The courts of appeals do not agree on the standard for issuing an injunction to stay litigation against a nondebtor party. Many lower courts have followed the lead of the Fourth Circuit in granting a section 105 injunction against litigation that interferes with the reorganization of the debtor. In a case of first impression, In re Excel Innovations, however, the Ninth Circuit has rejected this standard, holding that the traditional preliminary injunction standard applies in bankruptcy cases. In this Expert Commentary, the Hon.

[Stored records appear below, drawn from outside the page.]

(* Let $0\le\beta<1$ and let $f=h+\overline{g}\in\widetilde{\mathcal{G}}^{0}_{\mathcal{H}}(\beta)$ with $h(z)=z+\sum_{n=2}^\infty a_nz^n$, $g(z)=\sum_{n=2}^\infty b_nz^n$. Then $|a_n|+|b_n|\le 2(1-\beta)$ for all $n\ge2$, and for all $z\in\mathbb{D}$, $$\beta|z|+(1-\beta)\frac{1-|z|}{1+|z|}|z|\le |f(z)|\le \beta|z|+(1-\beta)\frac{1+|z|}{1-|z|}|z|.$$ Both growth inequalities are sharp: for $f(z)=z+\sum_{n=2}^\infty 2(1-\beta)z^n$ (which lies in $\widetilde{\mathcal{G}}^{0}_{\mathcal{H}}(\beta)$), equality holds on the right at $z=r$ and on the left at $z=-r$, $0\le r<1$.
   Context: $\mathbb{D}=\{z\in\mathbb{C}:|z|<1\}$. $\mathcal{H}_0$ denotes the class of harmonic functions $f=h+\overline{g}$ on $\mathbb{D}$, where $h,g$ are analytic in $\mathbb{D}$ of the form $h(z)=z+\sum_{n=2}^\infty a_nz^n$ and $g(z)=\sum_{n=2}^\infty b_nz^n$. For $0\le\beta<1$, $\widetilde{\mathcal{G}}^{0}_{\mathcal{H}}(\beta)$ is the set of $f=h+\overline{g}\in\mathcal{H}_0$ such that $\operatorname{Re}\big(h(z)/z\big)-\beta>|g(z)/z|$ for all $z\in\mathbb{D}$ (with $h(z)/z$ and $g(z)/z$ extended analytically to $z=0$). *)

theory Defs
  imports "HOL-Analysis.Analysis"
begin

text \<open>The class H_0: f = h + conj g with h, g analytic in the unit disc,
  h(z) = z + sum a_n z^n (n>=2), g(z) = sum b_n z^n (n>=2), i.e.
  h 0 = 0, h'(0) = 1, g 0 = 0, g'(0) = 0.\<close>
definition in_H0 :: "(complex \<Rightarrow> complex) \<Rightarrow> (complex \<Rightarrow> complex) \<Rightarrow> bool" where
  "in_H0 h g \<longleftrightarrow> h holomorphic_on ball 0 1 \<and> g holomorphic_on ball 0 1 \<and>
     h 0 = 0 \<and> deriv h 0 = 1 \<and> g 0 = 0 \<and> deriv g 0 = 0"

text \<open>Analytic extension of h(z)/z to z = 0 (for h 0 = 0 the value at 0 is h'(0)).\<close>
definition div_z :: "(complex \<Rightarrow> complex) \<Rightarrow> complex \<Rightarrow> complex" where
  "div_z h z = (if z = 0 then deriv h 0 else h z / z)"

definition G_tilde_H0 :: "real \<Rightarrow> (complex \<Rightarrow> complex) \<Rightarrow> (complex \<Rightarrow> complex) \<Rightarrow> bool" where
  "G_tilde_H0 \<beta> h g \<longleftrightarrow> in_H0 h g \<and>
     (\<forall>z\<in>ball 0 1. Re (div_z h z) - \<beta> > cmod (div_z g z))"

definition tcoeff :: "(complex \<Rightarrow> complex) \<Rightarrow> nat \<Rightarrow> complex" where
  "tcoeff h n = (deriv ^^ n) h 0 / of_nat (fact n)"

end

theory Submission
  imports Defs "HOL-Complex_Analysis.Complex_Analysis"
begin

text \<open>For every \<open>e\<close> with \<open>|e| \<le> 1\<close> the function \<open>\<phi> = h/z + e g/z\<close> is holomorphic in the disc,
  \<open>\<phi> 0 = 1\<close> and \<open>Re \<phi> > \<beta>\<close>, because \<open>|Re (e g/z)| \<le> |g/z| < Re (h/z) - \<beta>\<close>.
  Such \<open>\<phi>\<close> satisfy the Caratheodory estimates: comparing the Cauchy integral for the
  \<open>m\<close>-th coefficient on a circle of radius \<open>r\<close> with the integral of \<open>2 (Re \<phi> - \<beta>)\<close> gives
  \<open>|c\<^sub>m| r\<^sup>m \<le> 2 (1 - \<beta>)\<close>, and the Schwarz lemma applied to the Cayley transform of
  \<open>(\<phi> - \<beta>) / (1 - \<beta>)\<close> bounds \<open>|\<phi> z|\<close> from above and \<open>Re (\<phi> z)\<close> from below.
  Choosing the unimodular \<open>e\<close> that aligns the coefficients of \<open>h\<close> and \<open>g\<close>, or the values
  \<open>h z / z\<close> and \<open>g z / z\<close>, turns these into the stated bounds.  Equality is attained by
  \<open>h z = z + 2 (1 - \<beta>) z\<^sup>2 / (1 - z)\<close>, \<open>g = 0\<close>.\<close>

lemma has_integral_circlepath_origin:
  assumes "(f has_contour_integral I) (circlepath 0 r)"
  shows "((\<lambda>t. f (of_real r * cis t) * of_real r * \<i> * cis t) has_integral I) {0..2*pi}"
  using assms unfolding circlepath_def
  by (subst (asm) has_contour_integral_part_circlepath_iff) auto

lemma Cauchy_tcoeff_circlepath:
  fixes f :: "complex \<Rightarrow> complex"
  assumes f: "f holomorphic_on ball 0 1" and r: "0 < r" "r < 1"
  shows "((\<lambda>u. f u / u ^ Suc n) has_contour_integral (2 * pi * \<i> * tcoeff f n)) (circlepath 0 r)"
proof -
  have "cball 0 r \<subseteq> ball 0 1"
    using r by auto
  then have "continuous_on (cball 0 r) f" and "f holomorphic_on ball 0 r"
    using holomorphic_on_subset[OF f] ball_subset_cball
    by (blast intro: holomorphic_on_imp_continuous_on)+
  from Cauchy_has_contour_integral_higher_derivative_circlepath[OF this, of 0 n]
  have "((\<lambda>u. f u / (u - 0) ^ Suc n) has_contour_integral (2 * pi * \<i> / fact n * (deriv ^^ n) f 0))
      (circlepath 0 r)"
    using r by simp
  then show ?thesis by (simp add: tcoeff_def)
qed

lemma tcoeff_unique_circlepath:
  fixes f :: "complex \<Rightarrow> complex"
  assumes "f holomorphic_on ball 0 1"
    and "((\<lambda>u. f u / u ^ Suc n) has_contour_integral (2 * pi * \<i> * c)) (circlepath 0 (1/2))"
  shows "tcoeff f n = c"
  using has_contour_integral_unique[OF Cauchy_tcoeff_circlepath[OF assms(1), of "1/2" n] assms(2)]
  by simp

lemma tcoeff_add_scaled:
  fixes f g :: "complex \<Rightarrow> complex"
  assumes f: "f holomorphic_on ball 0 1" and g: "g holomorphic_on ball 0 1"
  shows "tcoeff (\<lambda>w. f w + e * g w) n = tcoeff f n + e * tcoeff g n"
proof (rule tcoeff_unique_circlepath)
  show "(\<lambda>w. f w + e * g w) holomorphic_on ball 0 1"
    using f g by (intro holomorphic_intros)
  have "((\<lambda>u. f u / u ^ Suc n + e * (g u / u ^ Suc n)) has_contour_integral
      (2 * pi * \<i> * tcoeff f n + e * (2 * pi * \<i> * tcoeff g n))) (circlepath 0 (1/2))"
    by (intro has_contour_integral_add has_contour_integral_lmul Cauchy_tcoeff_circlepath f g) auto
  moreover have "(\<lambda>u. f u / u ^ Suc n + e * (g u / u ^ Suc n)) = (\<lambda>u. (f u + e * g u) / u ^ Suc n)"
    by (simp add: add_divide_distrib)
  moreover have "2 * pi * \<i> * tcoeff f n + e * (2 * pi * \<i> * tcoeff g n)
      = 2 * pi * \<i> * (tcoeff f n + e * tcoeff g n)"
    by (simp add: distrib_left mult.left_commute)
  ultimately show "((\<lambda>u. (f u + e * g u) / u ^ Suc n) has_contour_integral
      (2 * pi * \<i> * (tcoeff f n + e * tcoeff g n))) (circlepath 0 (1/2))"
    by simp
qed

lemma div_z_holomorphic:
  assumes "h holomorphic_on ball 0 1" and "h 0 = 0"
  shows "div_z h holomorphic_on ball 0 1"
proof -
  have "(\<lambda>z. if z = 0 then deriv h 0 else (h z - h 0) / (z - 0)) holomorphic_on ball 0 1"
    by (rule pole_lemma[OF assms(1)]) simp
  moreover have "(\<lambda>z. if z = 0 then deriv h 0 else (h z - h 0) / (z - 0)) = div_z h"
    using assms(2) by (auto simp: div_z_def)
  ultimately show ?thesis by simp
qed

lemma tcoeff_div_z:
  assumes h: "h holomorphic_on ball 0 1" and h0: "h 0 = 0"
  shows "tcoeff (div_z h) n = tcoeff h (Suc n)"
proof (rule tcoeff_unique_circlepath[OF div_z_holomorphic[OF h h0]])
  show "((\<lambda>u. div_z h u / u ^ Suc n) has_contour_integral (2 * pi * \<i> * tcoeff h (Suc n)))
      (circlepath 0 (1/2))"
  proof (rule has_contour_integral_eq[OF Cauchy_tcoeff_circlepath[OF h]])
    fix u assume "u \<in> path_image (circlepath 0 (1/2))"
    then have "u \<noteq> 0" by (auto simp: path_image_circlepath)
    then show "h u / u ^ Suc (Suc n) = div_z h u / u ^ Suc n" by (simp add: div_z_def)
  qed auto
qed

lemma has_integral_mult_left_cong:
  fixes c :: complex
  assumes "(f has_integral I) S" and "\<And>t. c * f t = g t" and "c * I = J"
  shows "(g has_integral J) S"
  using has_integral_mult_right[OF assms(1), of c] assms(2,3) by simp

lemma has_integral_circle_cis_neg:
  fixes f :: "complex \<Rightarrow> complex"
  assumes f: "f holomorphic_on ball 0 1" and r: "0 < r" "r < 1"
  shows "((\<lambda>t. f (of_real r * cis t) * cis (- (real m * t))) has_integral
      (2 * pi * tcoeff f m * of_real r ^ m)) {0..2*pi}"
  using has_integral_circlepath_origin[OF Cauchy_tcoeff_circlepath[OF f r]]
proof (rule has_integral_mult_left_cong[where c = "of_real r ^ m / \<i>"])
  fix t
  have "(of_real r * cis t) ^ Suc m = of_real r ^ Suc m * cis (real (Suc m) * t)"
    by (simp only: power_mult_distrib Complex.DeMoivre)
  moreover have "cis t / cis (real (Suc m) * t) = cis (- (real m * t))"
    by (simp add: cis_divide algebra_simps)
  ultimately show "of_real r ^ m / \<i> * (f (of_real r * cis t) / (of_real r * cis t) ^ Suc m
      * of_real r * \<i> * cis t) = f (of_real r * cis t) * cis (- (real m * t))"
    using r by (simp add: field_simps)
qed (simp add: field_simps)

lemma has_integral_circle_cis_pos:
  fixes f :: "complex \<Rightarrow> complex"
  assumes f: "f holomorphic_on ball 0 1" and r: "0 < r" "r < 1" and m: "m \<ge> 1"
  shows "((\<lambda>t. f (of_real r * cis t) * cis (real m * t)) has_integral 0) {0..2*pi}"
proof -
  have "(\<lambda>u. f u * u ^ (m - 1)) holomorphic_on ball 0 1"
    using f by (intro holomorphic_intros)
  moreover have "path_image (circlepath 0 r) \<subseteq> ball 0 1"
    using r by (auto simp: path_image_circlepath)
  ultimately have "((\<lambda>u. f u * u ^ (m - 1)) has_contour_integral 0) (circlepath 0 r)"
    by (intro Cauchy_theorem_convex_simple[OF _ convex_ball valid_path_circlepath]) auto
  from has_integral_circlepath_origin[OF this] show ?thesis
  proof (rule has_integral_mult_left_cong[where c = "inverse (of_real r ^ m * \<i>)"])
    fix t
    have "(of_real r * cis t) ^ (m - 1) * (of_real r * cis t) = (of_real r * cis t) ^ m"
      using m by (simp add: power_Suc2[symmetric])
    also have "\<dots> = of_real r ^ m * cis (real m * t)"
      by (simp only: power_mult_distrib Complex.DeMoivre)
    finally show "inverse (of_real r ^ m * \<i>) * (f (of_real r * cis t) * (of_real r * cis t) ^ (m - 1)
        * of_real r * \<i> * cis t) = f (of_real r * cis t) * cis (real m * t)"
      using r by (simp add: field_simps)
  qed simp
qed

Ralph R. Mabey speculates as to the reasons for the disconnect between the approaches of the lowers courts in this case (which followed the Fourth Circuit) and the Ninth Circuit and concludes that it may simply reflect the fact that appellate judges are far removed from the immediate practical considerations facing bankruptcy court judges as they manage large, complex cases.
 
Judge Mabey writes: “The financial, legal, or liquidity crisis that forces a company to seek protection under the Bankruptcy Code often also spawns litigation by creditors or shareholders against the directors and officers of the debtor. Even when the debtor is not a party to the action or the matter has been automatically stayed against the debtor, litigation against the directors and officers may be disruptive to the debtor, especially during the early stages of a chapter 11 case, or costly to the bankruptcy estate, either due to dissipation of shared insurance coverage between the debtor and the directors and officers or due to the expense and burden of responding to discovery. As a result, it is common for the debtor or the individual directors and officers to request the bankruptcy court to enjoin or stay the litigation against the nondebtor parties.
 
More than twenty years ago, the Court of Appeals for the Fourth Circuit in two published opinions in the A.H. Robins bankruptcy cases established a comprehensive standard for enjoining litigation against nondebtor parties. [citations omitted]. In [A.H. Robins Co. v. Piccinin, 788 F.2d 994 (4th Cir.)], the Fourth Circuit found four independent grounds for staying or enjoining litigation against nondebtor parties, two of which were based on the extension of the automatic stay under subsections 362(a)(1) and (a)(3) of the Bankruptcy Code and two of which were based on an injunction issued under the authority of section 105(a) of the Bankruptcy Code and 28 U.S.C. § 1334.”